Within the data that follows, how many lines carry the string "grad"? Give the number alone.

*** PROVIDED ENTRIES ***

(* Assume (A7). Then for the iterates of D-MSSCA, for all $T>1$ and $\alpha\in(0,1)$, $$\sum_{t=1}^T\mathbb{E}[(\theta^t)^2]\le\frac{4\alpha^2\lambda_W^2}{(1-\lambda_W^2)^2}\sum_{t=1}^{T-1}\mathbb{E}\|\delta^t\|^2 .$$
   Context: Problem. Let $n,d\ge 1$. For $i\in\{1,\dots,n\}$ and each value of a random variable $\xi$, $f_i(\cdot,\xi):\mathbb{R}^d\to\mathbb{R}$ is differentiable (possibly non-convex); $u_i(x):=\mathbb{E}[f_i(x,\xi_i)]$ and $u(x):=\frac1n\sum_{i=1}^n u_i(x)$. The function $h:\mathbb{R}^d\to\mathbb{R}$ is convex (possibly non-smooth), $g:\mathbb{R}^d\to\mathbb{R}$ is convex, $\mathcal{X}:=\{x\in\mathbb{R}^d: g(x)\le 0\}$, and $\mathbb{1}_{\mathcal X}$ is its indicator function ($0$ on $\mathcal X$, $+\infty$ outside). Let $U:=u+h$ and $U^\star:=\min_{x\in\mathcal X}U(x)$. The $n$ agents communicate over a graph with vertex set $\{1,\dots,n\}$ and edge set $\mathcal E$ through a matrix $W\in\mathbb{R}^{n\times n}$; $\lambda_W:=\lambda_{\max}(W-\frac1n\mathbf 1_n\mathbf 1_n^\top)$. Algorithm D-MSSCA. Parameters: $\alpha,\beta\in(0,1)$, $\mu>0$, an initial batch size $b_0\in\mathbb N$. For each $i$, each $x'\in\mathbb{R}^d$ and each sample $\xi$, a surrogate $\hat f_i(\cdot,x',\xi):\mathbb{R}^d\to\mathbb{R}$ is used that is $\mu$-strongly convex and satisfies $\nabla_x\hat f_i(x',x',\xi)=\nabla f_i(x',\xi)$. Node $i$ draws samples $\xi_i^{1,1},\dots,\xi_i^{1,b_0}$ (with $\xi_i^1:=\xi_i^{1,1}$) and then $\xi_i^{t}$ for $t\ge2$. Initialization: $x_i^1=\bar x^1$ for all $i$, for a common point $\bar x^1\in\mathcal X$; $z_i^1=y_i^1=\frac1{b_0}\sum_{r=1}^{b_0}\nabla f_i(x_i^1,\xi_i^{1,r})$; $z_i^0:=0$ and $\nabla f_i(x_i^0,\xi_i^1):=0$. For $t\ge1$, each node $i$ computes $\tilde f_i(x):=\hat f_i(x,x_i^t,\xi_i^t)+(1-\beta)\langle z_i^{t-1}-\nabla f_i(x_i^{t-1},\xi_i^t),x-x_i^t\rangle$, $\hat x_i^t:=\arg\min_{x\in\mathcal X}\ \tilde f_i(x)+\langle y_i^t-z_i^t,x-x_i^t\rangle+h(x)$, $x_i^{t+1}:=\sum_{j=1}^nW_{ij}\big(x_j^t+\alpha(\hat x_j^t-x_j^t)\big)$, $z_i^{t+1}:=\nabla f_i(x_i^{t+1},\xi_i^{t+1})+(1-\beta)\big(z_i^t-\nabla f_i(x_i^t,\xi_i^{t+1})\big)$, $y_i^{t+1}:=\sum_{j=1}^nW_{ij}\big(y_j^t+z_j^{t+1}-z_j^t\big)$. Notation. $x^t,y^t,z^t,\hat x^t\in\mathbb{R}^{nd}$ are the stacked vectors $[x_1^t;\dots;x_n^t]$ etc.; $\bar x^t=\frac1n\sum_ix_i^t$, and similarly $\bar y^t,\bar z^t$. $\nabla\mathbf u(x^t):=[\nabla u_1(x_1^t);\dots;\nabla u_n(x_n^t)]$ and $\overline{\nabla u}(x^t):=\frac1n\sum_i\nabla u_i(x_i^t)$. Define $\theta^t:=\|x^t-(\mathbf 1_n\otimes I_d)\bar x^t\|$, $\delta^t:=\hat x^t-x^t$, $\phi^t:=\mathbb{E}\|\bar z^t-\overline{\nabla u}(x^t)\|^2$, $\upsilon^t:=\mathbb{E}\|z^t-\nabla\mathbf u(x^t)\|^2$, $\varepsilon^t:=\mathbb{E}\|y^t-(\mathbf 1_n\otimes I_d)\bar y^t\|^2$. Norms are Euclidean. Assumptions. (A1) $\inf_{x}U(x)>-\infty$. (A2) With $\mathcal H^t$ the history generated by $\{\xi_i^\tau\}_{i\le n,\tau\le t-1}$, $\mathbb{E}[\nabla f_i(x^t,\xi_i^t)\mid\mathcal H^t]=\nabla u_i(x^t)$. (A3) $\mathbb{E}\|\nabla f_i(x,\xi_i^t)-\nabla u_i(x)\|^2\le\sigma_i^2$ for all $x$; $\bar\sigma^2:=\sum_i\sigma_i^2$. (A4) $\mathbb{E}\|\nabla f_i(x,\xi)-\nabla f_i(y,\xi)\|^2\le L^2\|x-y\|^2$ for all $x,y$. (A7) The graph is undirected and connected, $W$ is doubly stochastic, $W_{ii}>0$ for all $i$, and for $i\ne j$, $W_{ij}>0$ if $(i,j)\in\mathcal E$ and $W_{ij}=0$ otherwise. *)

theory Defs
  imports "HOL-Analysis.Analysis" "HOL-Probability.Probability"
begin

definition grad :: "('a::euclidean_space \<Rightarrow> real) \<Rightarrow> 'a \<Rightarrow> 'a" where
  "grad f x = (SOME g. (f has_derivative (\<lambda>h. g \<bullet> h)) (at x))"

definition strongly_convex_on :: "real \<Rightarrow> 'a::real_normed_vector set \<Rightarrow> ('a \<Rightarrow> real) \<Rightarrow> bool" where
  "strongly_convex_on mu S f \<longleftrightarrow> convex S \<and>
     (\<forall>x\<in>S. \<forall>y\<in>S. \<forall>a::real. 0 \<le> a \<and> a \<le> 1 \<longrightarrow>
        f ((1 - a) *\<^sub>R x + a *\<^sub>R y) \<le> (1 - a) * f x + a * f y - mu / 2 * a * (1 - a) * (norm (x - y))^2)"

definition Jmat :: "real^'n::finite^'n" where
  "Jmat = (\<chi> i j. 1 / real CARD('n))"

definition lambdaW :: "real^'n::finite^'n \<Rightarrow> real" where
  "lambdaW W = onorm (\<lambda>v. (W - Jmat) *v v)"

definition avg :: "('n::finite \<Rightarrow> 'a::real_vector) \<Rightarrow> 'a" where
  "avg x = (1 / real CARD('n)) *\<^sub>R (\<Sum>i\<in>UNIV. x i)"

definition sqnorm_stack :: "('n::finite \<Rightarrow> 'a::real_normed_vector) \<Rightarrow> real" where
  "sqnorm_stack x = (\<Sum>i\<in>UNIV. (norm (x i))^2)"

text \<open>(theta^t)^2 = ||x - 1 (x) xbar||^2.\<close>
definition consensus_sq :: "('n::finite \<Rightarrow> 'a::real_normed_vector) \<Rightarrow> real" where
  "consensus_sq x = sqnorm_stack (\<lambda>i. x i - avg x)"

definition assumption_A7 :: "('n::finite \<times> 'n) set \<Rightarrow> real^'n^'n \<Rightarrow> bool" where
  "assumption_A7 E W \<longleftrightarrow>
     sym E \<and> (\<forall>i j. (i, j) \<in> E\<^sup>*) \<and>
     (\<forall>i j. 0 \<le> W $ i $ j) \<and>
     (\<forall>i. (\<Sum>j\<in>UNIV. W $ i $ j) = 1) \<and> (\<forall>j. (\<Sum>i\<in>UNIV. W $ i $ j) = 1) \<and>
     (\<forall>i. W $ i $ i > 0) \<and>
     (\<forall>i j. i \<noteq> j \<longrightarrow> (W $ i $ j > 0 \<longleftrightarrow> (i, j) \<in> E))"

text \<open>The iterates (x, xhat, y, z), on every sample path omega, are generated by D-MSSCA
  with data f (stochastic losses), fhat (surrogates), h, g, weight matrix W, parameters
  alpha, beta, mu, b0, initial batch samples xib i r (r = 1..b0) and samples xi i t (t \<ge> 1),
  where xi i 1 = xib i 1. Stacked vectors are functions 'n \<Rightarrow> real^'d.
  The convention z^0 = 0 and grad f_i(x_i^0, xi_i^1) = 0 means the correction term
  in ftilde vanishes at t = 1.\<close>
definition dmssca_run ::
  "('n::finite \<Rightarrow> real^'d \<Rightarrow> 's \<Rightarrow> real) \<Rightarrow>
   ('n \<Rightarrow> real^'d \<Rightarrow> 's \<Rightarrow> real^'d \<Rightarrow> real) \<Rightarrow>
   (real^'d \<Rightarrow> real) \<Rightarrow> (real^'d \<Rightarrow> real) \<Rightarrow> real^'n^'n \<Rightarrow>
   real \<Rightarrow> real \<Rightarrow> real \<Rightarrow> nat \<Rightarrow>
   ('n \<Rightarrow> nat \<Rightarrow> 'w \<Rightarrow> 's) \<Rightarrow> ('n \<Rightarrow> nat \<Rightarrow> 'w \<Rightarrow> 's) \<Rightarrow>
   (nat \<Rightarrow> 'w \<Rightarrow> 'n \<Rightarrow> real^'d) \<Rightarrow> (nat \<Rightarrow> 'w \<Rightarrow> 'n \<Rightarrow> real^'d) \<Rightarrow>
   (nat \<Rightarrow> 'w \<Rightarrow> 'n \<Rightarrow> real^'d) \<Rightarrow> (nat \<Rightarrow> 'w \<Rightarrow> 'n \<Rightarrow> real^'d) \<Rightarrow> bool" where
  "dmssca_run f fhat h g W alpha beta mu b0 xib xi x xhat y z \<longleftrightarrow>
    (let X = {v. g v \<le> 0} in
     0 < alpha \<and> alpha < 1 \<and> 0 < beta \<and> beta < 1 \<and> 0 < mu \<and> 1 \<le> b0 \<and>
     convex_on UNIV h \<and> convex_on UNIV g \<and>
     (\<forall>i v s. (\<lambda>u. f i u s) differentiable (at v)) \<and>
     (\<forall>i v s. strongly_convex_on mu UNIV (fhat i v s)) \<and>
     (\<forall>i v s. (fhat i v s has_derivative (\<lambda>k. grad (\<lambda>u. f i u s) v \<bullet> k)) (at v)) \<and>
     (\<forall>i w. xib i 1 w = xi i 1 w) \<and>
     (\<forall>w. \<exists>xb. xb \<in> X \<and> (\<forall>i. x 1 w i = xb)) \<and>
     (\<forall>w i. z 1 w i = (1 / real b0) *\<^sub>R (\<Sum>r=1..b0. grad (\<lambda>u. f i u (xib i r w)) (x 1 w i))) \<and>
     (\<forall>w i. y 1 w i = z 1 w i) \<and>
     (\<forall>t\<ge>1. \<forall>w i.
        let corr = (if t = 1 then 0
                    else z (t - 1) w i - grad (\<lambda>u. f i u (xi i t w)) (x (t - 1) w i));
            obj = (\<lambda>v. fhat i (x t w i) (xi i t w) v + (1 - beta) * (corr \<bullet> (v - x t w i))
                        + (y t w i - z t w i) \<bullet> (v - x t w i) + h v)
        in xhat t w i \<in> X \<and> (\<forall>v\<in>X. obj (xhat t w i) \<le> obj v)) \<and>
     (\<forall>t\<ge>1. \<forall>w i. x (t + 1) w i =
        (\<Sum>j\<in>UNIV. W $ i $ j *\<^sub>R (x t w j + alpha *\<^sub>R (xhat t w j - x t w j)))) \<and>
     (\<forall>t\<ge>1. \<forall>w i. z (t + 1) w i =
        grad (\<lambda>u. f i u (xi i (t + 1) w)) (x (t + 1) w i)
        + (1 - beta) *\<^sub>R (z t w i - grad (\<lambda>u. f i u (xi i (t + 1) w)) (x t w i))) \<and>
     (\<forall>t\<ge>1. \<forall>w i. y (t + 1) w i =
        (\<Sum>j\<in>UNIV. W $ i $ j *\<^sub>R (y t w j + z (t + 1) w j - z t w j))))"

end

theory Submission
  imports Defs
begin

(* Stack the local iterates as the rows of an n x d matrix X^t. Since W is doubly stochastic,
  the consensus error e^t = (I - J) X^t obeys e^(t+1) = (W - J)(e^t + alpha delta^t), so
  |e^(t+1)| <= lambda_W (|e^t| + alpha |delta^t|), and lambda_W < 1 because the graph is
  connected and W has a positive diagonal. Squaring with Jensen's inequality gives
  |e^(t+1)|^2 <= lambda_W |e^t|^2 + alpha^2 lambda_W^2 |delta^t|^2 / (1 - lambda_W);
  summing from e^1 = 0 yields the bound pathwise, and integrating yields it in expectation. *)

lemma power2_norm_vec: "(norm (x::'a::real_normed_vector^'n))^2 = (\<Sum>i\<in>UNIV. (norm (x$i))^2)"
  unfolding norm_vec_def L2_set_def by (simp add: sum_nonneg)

*** End of PROVIDED ENTRIES ***

▶ TASK ANSWER
8